- HOW TO COMPLETE THIS TASK
Among the entries below, find each line with "assumes" and show it.

#### AVAILABLE RECORDS

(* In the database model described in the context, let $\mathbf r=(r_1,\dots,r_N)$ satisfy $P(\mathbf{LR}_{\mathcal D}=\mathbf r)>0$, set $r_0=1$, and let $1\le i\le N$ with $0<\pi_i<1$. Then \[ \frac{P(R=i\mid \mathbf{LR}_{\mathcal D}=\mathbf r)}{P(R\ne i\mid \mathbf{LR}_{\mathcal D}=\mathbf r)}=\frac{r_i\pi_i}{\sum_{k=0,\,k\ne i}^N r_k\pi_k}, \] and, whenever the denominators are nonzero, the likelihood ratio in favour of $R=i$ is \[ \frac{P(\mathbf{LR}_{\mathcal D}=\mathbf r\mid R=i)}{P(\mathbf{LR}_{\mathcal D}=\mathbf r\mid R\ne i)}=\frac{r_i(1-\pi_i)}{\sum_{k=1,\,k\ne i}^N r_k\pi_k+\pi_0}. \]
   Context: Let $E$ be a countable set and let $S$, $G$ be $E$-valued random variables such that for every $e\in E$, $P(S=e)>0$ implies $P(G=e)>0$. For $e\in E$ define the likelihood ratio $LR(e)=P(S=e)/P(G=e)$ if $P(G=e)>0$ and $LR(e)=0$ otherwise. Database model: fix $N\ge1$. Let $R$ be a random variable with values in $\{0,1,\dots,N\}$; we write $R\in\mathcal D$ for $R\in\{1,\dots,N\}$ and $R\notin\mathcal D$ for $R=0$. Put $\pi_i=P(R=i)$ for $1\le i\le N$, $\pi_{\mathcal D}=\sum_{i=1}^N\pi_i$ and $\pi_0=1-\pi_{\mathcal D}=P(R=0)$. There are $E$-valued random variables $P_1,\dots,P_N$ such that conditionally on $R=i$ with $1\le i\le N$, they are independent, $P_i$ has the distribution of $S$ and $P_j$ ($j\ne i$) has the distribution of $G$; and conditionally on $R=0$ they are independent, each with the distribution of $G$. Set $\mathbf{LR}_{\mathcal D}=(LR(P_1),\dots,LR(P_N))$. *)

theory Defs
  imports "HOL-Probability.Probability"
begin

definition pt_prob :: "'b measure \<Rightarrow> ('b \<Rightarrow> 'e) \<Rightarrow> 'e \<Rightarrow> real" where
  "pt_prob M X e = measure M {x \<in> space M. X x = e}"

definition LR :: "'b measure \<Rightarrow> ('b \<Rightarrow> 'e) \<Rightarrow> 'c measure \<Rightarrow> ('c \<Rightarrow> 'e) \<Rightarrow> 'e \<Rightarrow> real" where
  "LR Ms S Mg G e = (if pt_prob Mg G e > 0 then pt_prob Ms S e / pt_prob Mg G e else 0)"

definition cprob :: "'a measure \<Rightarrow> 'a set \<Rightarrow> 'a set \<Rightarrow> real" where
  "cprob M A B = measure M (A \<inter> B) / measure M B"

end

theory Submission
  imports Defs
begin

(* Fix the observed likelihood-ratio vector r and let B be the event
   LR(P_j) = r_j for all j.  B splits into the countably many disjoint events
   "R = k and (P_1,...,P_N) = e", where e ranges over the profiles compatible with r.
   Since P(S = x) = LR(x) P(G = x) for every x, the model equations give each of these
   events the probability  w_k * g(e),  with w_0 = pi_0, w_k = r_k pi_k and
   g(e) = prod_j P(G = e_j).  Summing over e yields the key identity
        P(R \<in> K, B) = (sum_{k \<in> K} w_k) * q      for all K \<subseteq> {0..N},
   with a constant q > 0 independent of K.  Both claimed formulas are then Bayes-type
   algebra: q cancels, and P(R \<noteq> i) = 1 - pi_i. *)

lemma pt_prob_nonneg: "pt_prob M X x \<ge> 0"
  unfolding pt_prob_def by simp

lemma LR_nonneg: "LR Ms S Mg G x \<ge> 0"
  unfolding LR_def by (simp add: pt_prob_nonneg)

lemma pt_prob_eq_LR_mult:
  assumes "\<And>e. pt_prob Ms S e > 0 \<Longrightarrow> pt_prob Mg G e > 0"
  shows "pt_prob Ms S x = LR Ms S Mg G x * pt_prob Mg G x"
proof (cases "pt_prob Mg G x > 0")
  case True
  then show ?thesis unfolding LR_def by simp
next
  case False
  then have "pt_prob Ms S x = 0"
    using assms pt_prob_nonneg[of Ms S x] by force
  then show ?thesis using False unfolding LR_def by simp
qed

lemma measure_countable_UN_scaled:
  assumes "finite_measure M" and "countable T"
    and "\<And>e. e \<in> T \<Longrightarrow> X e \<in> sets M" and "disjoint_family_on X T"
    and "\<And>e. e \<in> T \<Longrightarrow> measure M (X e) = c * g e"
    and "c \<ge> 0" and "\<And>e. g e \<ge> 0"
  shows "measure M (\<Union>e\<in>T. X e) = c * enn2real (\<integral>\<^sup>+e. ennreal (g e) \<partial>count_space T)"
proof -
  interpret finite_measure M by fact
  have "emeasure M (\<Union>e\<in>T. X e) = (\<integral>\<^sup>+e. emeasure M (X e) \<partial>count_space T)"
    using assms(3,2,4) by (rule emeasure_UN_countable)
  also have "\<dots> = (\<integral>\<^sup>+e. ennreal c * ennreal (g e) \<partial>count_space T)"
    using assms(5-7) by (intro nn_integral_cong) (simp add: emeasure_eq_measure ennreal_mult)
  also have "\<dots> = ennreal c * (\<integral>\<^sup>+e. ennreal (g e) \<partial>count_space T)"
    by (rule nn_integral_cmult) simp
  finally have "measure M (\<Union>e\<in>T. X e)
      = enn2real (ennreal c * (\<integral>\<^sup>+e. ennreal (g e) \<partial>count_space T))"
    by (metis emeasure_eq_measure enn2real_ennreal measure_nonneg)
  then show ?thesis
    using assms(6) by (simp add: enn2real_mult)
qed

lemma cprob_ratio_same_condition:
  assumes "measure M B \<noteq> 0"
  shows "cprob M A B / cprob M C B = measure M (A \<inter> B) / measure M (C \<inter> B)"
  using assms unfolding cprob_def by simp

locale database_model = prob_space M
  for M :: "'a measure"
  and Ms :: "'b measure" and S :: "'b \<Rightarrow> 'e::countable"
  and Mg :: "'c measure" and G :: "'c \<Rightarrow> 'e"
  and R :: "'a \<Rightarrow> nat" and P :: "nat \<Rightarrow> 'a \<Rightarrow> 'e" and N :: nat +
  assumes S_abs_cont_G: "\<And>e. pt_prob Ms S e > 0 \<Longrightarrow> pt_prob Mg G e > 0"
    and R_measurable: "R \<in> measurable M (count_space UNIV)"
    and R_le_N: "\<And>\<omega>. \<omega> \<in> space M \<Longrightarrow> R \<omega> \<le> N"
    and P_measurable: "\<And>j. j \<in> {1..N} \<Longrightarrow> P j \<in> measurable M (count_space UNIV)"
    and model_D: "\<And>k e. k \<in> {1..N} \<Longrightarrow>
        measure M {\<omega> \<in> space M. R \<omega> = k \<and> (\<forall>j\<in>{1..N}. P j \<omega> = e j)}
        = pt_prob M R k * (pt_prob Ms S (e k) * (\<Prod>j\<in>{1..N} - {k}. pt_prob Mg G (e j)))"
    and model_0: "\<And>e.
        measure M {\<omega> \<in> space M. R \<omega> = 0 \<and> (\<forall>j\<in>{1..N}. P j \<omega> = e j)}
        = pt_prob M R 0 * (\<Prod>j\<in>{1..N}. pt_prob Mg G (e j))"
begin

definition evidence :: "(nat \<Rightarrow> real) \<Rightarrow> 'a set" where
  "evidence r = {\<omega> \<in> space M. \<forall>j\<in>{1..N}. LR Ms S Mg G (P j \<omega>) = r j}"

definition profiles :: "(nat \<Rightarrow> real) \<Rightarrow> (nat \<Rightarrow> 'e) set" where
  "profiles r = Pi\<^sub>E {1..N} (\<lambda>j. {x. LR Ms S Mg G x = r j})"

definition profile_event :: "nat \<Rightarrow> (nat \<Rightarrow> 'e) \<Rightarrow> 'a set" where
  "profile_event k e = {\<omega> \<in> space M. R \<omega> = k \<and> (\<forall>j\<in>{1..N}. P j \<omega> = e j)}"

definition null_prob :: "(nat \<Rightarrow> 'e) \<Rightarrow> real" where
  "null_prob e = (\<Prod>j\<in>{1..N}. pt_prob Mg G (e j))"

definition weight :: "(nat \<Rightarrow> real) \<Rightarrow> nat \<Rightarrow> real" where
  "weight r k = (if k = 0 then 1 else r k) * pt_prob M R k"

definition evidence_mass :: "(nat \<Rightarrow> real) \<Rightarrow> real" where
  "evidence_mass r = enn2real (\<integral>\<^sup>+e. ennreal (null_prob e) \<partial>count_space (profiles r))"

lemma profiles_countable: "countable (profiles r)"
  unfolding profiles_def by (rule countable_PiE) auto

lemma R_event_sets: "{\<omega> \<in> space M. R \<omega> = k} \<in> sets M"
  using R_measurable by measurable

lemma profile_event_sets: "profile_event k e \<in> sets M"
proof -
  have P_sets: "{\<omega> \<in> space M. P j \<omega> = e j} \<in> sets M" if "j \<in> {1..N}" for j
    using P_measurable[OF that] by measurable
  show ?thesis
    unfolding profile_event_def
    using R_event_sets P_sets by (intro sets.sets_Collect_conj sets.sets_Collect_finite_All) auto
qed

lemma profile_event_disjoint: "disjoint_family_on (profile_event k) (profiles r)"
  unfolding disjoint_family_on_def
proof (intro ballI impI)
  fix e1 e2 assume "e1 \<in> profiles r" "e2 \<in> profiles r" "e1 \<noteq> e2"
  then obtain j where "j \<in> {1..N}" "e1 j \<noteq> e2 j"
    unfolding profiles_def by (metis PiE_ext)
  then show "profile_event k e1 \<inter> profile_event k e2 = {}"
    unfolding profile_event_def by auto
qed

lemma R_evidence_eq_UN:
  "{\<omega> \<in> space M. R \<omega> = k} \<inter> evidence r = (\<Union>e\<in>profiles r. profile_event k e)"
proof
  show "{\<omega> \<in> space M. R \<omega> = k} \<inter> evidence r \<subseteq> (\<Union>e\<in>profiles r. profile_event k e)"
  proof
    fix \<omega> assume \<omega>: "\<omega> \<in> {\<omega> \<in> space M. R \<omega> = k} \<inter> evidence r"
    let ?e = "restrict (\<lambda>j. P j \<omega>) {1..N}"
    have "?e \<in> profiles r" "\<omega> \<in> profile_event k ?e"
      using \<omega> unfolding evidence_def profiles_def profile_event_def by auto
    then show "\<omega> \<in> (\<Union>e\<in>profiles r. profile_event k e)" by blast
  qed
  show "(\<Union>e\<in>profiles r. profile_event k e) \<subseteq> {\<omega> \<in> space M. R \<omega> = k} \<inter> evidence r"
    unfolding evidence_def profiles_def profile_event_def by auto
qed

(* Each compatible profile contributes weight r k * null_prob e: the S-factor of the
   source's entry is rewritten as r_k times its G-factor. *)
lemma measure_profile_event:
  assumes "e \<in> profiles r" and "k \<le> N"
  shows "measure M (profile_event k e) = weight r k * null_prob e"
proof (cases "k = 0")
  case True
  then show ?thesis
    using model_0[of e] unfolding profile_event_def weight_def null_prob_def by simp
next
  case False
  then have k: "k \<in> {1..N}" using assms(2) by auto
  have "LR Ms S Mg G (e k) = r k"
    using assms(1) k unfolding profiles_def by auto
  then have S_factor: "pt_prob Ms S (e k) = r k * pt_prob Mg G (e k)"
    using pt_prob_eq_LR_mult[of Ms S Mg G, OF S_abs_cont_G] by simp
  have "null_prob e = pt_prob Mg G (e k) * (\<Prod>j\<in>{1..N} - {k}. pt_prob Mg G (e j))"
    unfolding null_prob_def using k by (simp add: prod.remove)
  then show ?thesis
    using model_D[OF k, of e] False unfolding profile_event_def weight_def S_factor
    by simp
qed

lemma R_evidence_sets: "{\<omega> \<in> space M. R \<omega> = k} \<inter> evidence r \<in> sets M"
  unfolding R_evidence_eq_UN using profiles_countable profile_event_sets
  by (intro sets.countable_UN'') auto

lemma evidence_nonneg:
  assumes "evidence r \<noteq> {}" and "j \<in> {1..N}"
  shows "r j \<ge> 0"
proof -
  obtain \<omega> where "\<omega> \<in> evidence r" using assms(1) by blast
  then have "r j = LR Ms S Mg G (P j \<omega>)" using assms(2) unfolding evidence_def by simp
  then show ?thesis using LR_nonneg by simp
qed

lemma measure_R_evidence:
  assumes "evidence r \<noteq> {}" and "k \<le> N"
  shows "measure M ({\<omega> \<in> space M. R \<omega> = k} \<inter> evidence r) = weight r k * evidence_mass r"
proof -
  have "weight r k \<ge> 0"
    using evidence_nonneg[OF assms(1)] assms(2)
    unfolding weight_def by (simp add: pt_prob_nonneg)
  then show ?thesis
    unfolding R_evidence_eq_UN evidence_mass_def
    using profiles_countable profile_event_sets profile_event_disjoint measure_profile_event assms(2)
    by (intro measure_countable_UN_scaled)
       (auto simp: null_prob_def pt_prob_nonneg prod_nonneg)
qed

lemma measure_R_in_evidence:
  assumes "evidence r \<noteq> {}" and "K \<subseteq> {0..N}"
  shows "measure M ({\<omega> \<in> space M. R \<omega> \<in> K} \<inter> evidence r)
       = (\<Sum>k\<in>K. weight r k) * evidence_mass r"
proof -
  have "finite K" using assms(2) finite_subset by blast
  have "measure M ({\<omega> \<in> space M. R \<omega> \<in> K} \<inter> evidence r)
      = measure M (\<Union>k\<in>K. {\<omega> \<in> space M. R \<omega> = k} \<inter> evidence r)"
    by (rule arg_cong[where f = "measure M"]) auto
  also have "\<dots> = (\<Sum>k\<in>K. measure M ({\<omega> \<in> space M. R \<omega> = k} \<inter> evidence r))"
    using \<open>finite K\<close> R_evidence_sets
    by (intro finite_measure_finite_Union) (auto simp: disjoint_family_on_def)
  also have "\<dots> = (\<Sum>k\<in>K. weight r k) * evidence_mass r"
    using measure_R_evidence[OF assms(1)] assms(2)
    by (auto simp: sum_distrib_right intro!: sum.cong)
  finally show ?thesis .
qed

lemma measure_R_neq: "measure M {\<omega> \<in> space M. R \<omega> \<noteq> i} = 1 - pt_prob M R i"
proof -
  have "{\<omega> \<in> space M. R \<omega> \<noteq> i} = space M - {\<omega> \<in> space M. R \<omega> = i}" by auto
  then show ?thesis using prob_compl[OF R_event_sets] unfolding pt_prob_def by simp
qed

########

- EXERCISE OUTPUT
  assumes "\<And>e. pt_prob Ms S e > 0 \<Longrightarrow> pt_prob Mg G e > 0"
  assumes "finite_measure M" and "countable T"
  assumes "measure M B \<noteq> 0"
  assumes S_abs_cont_G: "\<And>e. pt_prob Ms S e > 0 \<Longrightarrow> pt_prob Mg G e > 0"
  assumes "e \<in> profiles r" and "k \<le> N"
  assumes "evidence r \<noteq> {}" and "j \<in> {1..N}"
  assumes "evidence r \<noteq> {}" and "k \<le> N"
  assumes "evidence r \<noteq> {}" and "K \<subseteq> {0..N}"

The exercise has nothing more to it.